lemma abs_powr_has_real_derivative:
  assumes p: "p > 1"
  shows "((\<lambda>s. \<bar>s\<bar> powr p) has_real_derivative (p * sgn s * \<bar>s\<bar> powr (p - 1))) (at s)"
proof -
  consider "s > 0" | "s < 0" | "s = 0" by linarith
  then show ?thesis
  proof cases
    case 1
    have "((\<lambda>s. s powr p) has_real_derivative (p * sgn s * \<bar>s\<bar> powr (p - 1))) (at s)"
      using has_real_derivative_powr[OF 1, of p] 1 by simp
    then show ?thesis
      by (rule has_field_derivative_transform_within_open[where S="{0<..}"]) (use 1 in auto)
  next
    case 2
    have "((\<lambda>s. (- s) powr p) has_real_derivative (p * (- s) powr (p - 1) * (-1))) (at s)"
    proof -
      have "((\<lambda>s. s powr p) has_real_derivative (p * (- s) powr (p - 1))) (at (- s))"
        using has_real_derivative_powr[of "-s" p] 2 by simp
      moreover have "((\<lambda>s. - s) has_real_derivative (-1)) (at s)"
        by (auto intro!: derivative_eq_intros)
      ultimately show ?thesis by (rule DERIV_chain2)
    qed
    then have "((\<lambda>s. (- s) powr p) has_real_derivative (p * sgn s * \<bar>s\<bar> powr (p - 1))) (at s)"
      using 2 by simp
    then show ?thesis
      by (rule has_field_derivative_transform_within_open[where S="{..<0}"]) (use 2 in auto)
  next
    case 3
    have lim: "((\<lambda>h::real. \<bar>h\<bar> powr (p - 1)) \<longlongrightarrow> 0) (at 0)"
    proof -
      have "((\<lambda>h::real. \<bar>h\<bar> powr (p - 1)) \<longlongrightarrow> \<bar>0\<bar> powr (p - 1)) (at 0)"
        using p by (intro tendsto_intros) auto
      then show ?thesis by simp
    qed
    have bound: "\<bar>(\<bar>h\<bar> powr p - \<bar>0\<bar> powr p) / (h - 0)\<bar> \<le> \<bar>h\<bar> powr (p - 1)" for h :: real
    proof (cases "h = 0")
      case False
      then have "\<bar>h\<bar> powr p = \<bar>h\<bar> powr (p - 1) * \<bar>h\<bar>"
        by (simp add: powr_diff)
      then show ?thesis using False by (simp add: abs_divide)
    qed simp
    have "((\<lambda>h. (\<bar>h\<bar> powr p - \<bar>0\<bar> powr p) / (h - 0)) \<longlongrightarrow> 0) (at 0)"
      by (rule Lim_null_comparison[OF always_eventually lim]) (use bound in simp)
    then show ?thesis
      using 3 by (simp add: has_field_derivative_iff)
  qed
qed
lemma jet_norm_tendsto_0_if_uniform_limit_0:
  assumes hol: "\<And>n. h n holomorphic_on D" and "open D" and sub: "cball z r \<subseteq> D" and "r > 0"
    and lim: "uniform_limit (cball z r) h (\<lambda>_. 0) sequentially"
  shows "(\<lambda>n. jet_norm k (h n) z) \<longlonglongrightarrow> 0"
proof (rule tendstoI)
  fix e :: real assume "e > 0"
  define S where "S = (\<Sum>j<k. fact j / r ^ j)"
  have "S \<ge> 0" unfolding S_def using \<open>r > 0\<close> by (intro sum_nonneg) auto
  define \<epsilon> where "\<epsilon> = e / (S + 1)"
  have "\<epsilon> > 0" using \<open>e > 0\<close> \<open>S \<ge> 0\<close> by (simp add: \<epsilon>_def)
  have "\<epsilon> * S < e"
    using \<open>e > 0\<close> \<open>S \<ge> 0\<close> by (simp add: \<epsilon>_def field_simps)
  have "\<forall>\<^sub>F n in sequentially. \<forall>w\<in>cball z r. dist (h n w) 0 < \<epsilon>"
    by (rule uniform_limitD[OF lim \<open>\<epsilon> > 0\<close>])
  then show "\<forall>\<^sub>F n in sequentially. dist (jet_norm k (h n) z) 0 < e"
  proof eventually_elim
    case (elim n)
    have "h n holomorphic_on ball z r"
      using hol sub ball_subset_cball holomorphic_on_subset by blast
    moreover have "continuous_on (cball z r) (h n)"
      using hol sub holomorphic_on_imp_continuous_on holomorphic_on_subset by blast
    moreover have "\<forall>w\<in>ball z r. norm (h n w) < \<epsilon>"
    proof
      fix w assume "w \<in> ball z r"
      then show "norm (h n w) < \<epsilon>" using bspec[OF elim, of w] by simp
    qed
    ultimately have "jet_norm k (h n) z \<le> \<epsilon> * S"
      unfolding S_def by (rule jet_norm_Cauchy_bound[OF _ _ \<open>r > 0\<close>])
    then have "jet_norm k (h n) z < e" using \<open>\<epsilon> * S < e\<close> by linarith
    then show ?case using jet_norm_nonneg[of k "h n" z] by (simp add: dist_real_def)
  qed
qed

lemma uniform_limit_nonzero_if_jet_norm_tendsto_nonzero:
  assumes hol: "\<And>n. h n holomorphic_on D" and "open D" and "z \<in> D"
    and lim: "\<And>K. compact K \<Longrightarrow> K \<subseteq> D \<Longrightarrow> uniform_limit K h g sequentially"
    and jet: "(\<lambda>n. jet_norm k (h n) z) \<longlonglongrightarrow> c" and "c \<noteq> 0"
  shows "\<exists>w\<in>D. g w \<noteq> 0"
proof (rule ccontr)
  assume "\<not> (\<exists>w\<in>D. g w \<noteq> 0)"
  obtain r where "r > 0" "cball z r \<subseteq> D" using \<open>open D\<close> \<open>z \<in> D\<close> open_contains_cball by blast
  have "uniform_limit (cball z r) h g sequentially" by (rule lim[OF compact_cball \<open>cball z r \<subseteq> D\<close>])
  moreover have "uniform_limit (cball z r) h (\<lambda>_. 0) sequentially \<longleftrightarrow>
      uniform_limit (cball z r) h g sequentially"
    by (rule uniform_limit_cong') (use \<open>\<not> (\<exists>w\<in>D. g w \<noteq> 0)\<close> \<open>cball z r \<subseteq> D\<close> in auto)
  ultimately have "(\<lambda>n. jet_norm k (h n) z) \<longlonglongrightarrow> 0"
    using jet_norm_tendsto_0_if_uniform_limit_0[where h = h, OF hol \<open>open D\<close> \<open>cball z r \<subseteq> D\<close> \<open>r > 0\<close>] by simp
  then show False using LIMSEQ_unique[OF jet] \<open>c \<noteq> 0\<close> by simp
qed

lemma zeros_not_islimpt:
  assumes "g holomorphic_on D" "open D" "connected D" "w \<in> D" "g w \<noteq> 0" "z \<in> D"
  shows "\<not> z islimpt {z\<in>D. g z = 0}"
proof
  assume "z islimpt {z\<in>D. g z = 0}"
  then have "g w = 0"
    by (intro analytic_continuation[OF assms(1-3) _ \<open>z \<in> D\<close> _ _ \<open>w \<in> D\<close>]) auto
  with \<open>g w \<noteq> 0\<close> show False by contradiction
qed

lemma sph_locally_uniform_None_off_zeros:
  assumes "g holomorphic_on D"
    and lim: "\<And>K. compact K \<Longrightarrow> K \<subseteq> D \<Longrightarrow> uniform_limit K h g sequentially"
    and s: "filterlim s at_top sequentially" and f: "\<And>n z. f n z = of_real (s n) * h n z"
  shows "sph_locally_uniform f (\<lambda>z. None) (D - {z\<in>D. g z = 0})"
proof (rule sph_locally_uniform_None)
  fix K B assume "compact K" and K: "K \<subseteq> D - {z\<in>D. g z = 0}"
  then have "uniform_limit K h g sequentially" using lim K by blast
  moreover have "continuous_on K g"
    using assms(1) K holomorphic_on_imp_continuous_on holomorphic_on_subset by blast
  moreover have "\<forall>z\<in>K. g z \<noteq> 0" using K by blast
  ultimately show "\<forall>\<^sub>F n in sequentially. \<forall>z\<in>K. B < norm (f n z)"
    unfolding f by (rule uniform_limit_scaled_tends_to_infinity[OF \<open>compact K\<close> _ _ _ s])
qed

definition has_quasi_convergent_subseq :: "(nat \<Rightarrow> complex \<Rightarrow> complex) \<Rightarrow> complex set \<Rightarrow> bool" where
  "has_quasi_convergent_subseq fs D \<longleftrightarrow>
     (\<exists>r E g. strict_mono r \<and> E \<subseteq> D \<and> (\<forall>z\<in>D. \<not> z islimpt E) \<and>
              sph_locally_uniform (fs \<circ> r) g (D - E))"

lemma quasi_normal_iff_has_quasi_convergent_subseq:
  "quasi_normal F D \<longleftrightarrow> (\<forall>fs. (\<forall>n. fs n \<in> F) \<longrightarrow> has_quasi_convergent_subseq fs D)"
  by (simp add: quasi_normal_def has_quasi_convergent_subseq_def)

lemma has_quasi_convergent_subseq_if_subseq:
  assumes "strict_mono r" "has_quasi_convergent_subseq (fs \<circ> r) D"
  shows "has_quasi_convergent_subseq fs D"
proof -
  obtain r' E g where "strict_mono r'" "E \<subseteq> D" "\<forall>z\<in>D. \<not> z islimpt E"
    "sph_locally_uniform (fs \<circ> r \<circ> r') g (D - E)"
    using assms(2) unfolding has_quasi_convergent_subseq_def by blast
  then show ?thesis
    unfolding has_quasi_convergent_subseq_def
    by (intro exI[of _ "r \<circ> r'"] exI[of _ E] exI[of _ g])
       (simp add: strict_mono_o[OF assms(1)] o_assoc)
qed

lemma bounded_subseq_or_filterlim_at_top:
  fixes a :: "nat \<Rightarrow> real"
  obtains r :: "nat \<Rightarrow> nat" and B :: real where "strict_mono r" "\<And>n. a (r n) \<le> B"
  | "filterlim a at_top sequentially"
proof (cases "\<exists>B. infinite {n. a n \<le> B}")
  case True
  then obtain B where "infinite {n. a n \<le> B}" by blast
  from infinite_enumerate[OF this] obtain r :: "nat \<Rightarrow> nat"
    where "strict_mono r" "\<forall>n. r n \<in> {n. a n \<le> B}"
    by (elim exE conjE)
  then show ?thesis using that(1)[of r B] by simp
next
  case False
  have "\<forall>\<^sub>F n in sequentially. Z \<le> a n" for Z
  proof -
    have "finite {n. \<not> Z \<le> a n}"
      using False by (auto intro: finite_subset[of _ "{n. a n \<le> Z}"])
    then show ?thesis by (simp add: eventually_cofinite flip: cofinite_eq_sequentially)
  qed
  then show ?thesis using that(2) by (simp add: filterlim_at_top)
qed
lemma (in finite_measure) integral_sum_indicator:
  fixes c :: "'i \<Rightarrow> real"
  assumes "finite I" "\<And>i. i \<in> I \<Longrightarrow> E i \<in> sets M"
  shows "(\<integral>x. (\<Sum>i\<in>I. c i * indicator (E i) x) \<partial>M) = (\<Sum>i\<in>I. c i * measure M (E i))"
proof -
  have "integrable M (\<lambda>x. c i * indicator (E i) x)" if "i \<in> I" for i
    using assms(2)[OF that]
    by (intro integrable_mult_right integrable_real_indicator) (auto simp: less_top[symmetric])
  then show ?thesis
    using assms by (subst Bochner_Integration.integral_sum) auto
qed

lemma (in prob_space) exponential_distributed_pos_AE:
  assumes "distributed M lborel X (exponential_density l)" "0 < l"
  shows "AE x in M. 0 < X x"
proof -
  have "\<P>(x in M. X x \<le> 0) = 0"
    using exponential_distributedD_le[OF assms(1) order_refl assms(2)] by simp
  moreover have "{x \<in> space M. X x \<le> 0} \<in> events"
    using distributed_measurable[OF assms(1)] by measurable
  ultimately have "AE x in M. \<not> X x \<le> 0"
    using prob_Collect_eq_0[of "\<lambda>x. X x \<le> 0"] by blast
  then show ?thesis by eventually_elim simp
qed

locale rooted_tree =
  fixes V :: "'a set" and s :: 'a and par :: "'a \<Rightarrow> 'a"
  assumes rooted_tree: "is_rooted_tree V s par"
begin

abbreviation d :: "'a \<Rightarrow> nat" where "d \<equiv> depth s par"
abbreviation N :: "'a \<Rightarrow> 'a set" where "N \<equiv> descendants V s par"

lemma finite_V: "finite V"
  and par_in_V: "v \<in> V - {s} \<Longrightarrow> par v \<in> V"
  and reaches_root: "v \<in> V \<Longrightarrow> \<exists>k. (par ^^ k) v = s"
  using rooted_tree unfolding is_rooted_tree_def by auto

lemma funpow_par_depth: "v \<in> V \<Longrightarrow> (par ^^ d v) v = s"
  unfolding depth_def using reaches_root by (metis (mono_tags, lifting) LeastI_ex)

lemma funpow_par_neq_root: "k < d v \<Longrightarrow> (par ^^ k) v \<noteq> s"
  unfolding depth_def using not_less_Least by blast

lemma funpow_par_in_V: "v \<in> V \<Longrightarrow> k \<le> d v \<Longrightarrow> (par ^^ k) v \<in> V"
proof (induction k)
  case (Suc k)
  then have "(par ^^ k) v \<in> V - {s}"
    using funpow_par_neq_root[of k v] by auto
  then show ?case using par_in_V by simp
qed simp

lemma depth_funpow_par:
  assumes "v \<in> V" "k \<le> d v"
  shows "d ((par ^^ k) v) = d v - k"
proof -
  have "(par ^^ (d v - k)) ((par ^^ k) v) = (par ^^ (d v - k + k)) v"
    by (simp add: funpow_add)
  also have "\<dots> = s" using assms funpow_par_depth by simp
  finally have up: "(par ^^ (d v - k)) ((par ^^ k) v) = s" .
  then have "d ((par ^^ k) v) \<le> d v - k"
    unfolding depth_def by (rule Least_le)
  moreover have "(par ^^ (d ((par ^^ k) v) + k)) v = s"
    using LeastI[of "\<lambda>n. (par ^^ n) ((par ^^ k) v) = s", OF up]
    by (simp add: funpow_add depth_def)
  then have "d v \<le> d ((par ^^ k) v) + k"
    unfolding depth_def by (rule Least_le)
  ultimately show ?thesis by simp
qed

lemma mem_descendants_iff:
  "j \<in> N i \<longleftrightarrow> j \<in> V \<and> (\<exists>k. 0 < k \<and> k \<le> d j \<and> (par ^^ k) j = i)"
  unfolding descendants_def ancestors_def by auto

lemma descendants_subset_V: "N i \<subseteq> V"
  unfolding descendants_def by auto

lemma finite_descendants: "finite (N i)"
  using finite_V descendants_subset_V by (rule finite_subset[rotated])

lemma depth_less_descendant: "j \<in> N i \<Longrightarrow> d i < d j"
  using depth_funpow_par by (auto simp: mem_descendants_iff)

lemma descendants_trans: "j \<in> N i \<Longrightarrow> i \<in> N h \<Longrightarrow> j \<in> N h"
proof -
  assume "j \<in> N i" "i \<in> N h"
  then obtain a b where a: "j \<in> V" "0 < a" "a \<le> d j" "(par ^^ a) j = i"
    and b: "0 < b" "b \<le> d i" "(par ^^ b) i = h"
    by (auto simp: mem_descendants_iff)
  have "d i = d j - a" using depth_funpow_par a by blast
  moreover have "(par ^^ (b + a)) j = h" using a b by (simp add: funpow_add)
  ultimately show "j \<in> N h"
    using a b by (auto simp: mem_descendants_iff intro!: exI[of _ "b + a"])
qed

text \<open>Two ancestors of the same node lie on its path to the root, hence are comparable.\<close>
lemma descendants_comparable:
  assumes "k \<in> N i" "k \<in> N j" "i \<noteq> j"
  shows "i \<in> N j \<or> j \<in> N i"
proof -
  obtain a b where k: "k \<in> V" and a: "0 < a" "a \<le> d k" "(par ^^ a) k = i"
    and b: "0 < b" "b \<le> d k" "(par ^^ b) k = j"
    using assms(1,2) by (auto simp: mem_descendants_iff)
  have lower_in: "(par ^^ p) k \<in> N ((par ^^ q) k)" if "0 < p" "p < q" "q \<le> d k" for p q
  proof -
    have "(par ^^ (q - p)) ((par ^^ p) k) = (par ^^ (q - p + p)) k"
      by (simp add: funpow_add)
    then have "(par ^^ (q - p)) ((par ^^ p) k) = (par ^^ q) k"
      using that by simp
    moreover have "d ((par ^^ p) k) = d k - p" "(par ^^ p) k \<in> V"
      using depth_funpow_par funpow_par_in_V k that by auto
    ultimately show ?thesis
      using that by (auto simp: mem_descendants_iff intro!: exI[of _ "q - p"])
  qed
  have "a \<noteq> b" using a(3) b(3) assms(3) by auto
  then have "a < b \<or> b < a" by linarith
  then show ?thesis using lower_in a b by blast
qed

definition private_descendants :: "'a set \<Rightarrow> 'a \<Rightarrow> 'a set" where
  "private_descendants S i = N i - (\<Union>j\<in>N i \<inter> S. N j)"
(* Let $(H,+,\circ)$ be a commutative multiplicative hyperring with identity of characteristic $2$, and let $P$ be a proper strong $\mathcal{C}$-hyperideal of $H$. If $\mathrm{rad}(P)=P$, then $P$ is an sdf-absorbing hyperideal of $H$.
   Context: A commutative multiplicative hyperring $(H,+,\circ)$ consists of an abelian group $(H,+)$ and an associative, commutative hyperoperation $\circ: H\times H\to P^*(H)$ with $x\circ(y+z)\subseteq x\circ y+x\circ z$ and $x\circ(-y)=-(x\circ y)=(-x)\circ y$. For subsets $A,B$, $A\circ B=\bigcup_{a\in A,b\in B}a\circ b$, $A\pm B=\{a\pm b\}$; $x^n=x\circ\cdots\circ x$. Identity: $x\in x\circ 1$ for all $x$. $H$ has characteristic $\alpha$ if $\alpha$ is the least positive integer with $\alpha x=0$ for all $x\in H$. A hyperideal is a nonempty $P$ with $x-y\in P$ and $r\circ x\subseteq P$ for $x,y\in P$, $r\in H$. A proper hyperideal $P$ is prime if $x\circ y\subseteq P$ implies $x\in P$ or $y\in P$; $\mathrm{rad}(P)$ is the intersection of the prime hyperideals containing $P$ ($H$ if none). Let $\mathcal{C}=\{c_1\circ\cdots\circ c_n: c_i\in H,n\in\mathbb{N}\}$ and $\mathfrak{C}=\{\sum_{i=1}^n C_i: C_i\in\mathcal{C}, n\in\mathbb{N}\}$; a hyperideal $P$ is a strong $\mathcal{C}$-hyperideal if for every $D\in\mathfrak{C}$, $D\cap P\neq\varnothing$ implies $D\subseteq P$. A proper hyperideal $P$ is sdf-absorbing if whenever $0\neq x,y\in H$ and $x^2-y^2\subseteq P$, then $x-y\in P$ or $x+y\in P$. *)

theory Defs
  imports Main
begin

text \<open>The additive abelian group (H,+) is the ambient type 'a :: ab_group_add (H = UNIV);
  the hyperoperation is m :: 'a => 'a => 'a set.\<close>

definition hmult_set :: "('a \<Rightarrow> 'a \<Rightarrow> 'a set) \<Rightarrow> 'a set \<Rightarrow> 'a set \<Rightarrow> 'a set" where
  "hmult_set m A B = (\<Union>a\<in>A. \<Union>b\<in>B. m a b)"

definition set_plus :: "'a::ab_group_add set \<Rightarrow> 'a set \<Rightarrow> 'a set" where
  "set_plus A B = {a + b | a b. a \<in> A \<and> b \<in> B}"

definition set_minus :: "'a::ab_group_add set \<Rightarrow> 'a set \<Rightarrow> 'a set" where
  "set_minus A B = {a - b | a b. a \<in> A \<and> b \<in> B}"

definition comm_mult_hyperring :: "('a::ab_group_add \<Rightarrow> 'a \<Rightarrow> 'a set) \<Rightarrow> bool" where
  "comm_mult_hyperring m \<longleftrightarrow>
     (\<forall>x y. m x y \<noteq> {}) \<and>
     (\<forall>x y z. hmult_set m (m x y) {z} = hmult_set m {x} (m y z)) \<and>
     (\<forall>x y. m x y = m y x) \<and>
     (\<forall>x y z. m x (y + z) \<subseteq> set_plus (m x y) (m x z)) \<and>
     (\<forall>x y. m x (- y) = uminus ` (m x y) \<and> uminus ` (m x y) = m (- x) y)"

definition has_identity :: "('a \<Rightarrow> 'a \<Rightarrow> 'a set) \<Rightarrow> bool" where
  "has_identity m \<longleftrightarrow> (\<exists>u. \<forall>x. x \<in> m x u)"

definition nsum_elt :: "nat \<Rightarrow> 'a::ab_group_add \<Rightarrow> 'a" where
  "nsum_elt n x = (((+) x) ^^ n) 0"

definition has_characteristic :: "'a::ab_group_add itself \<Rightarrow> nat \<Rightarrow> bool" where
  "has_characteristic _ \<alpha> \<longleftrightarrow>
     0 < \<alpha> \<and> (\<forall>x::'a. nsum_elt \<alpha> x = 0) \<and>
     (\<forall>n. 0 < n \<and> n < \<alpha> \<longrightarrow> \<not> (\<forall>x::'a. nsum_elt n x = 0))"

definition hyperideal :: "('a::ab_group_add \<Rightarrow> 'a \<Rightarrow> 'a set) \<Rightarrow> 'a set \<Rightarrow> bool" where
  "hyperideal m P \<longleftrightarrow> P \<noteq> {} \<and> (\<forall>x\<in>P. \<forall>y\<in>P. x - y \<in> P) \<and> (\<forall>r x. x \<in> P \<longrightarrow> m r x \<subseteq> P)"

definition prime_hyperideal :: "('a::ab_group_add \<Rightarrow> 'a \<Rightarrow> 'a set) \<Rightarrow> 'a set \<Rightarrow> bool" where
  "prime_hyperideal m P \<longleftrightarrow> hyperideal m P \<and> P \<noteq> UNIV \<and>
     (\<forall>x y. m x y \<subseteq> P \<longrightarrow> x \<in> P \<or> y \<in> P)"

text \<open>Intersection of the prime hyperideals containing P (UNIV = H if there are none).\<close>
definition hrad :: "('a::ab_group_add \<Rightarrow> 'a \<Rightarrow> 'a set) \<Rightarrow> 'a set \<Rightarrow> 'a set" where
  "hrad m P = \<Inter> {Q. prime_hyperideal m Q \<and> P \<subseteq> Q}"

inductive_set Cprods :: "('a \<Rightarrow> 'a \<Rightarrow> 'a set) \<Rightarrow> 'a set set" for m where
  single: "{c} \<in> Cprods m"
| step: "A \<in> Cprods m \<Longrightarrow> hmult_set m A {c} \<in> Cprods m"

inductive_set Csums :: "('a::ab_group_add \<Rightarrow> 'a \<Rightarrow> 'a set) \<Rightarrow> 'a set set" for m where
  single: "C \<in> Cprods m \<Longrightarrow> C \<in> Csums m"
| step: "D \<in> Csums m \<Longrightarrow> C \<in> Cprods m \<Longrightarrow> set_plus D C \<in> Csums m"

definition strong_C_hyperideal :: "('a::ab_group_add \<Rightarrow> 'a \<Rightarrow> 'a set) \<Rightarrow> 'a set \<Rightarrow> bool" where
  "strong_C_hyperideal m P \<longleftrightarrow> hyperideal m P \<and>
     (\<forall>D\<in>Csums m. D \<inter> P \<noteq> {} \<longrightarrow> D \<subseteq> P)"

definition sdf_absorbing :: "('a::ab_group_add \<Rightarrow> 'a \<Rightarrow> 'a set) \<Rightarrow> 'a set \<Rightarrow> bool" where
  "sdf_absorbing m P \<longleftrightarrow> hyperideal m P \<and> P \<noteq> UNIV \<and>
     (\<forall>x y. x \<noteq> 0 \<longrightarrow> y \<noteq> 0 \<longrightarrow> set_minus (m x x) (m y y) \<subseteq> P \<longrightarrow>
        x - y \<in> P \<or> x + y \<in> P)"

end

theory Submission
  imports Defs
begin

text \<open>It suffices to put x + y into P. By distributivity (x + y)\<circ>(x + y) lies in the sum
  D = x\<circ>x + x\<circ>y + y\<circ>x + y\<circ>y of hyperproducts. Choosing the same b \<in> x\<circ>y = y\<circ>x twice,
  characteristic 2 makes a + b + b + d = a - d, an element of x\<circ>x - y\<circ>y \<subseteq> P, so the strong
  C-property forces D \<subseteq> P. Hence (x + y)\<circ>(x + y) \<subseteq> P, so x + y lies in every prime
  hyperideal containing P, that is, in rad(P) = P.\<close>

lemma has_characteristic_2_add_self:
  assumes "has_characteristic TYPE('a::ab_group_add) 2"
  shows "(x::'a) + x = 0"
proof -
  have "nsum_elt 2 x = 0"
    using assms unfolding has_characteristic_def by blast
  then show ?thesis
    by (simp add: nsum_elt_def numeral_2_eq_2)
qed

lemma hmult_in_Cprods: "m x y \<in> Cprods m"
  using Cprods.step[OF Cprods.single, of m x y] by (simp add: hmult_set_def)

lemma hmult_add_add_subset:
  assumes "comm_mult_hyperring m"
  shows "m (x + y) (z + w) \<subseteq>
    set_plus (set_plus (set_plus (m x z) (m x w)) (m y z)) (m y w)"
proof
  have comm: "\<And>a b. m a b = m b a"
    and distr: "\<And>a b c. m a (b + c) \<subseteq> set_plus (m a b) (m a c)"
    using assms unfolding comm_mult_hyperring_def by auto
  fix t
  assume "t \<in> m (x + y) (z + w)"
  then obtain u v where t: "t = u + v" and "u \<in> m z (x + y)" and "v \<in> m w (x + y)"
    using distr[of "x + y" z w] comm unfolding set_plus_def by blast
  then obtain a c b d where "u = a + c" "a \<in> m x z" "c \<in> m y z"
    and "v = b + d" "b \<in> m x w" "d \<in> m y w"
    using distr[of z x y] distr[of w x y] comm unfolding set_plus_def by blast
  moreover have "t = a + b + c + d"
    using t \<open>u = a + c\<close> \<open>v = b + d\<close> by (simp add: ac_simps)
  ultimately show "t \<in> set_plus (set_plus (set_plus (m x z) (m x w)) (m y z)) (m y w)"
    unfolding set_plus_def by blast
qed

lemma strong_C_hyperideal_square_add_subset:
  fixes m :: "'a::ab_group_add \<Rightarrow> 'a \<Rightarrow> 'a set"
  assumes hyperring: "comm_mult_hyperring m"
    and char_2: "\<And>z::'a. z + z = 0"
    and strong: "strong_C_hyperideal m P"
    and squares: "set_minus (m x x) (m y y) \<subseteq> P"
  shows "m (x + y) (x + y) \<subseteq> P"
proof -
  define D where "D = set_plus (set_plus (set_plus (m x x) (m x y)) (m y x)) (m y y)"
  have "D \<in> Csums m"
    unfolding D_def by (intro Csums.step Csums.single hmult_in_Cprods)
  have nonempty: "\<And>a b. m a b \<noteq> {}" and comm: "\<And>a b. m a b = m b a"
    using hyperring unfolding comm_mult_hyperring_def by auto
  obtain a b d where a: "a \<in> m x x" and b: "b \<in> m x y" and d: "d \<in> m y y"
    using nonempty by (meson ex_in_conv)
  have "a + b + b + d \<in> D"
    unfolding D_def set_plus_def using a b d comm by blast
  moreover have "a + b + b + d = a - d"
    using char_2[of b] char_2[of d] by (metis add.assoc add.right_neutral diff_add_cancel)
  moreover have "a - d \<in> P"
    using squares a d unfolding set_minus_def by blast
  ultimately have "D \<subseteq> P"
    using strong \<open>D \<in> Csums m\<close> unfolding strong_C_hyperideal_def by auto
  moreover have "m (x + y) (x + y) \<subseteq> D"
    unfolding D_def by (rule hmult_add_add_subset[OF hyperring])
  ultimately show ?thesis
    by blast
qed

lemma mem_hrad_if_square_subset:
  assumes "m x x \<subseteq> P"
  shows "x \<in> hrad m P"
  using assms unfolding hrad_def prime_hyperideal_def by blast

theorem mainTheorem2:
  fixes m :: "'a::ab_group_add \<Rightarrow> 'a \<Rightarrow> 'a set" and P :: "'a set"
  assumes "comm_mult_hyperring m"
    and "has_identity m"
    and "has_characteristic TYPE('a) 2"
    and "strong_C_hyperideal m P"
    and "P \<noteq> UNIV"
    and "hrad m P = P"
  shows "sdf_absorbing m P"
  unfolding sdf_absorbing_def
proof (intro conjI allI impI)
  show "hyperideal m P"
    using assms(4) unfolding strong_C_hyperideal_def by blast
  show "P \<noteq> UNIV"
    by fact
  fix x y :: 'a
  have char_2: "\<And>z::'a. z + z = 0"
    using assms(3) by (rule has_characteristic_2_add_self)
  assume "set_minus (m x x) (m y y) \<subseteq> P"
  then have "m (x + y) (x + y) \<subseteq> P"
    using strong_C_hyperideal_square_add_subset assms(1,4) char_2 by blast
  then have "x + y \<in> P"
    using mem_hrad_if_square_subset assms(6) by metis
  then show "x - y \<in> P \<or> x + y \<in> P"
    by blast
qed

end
- - - - - - -
— WORK ORDER —
Your task is to copy each line of the listing that holds the word "define".

— WRITTEN REPLY —
  define S where "S = (\<Sum>j<k. fact j / r ^ j)"
  define \<epsilon> where "\<epsilon> = e / (S + 1)"
  define D where "D = set_plus (set_plus (set_plus (m x x) (m x y)) (m y x)) (m y y)"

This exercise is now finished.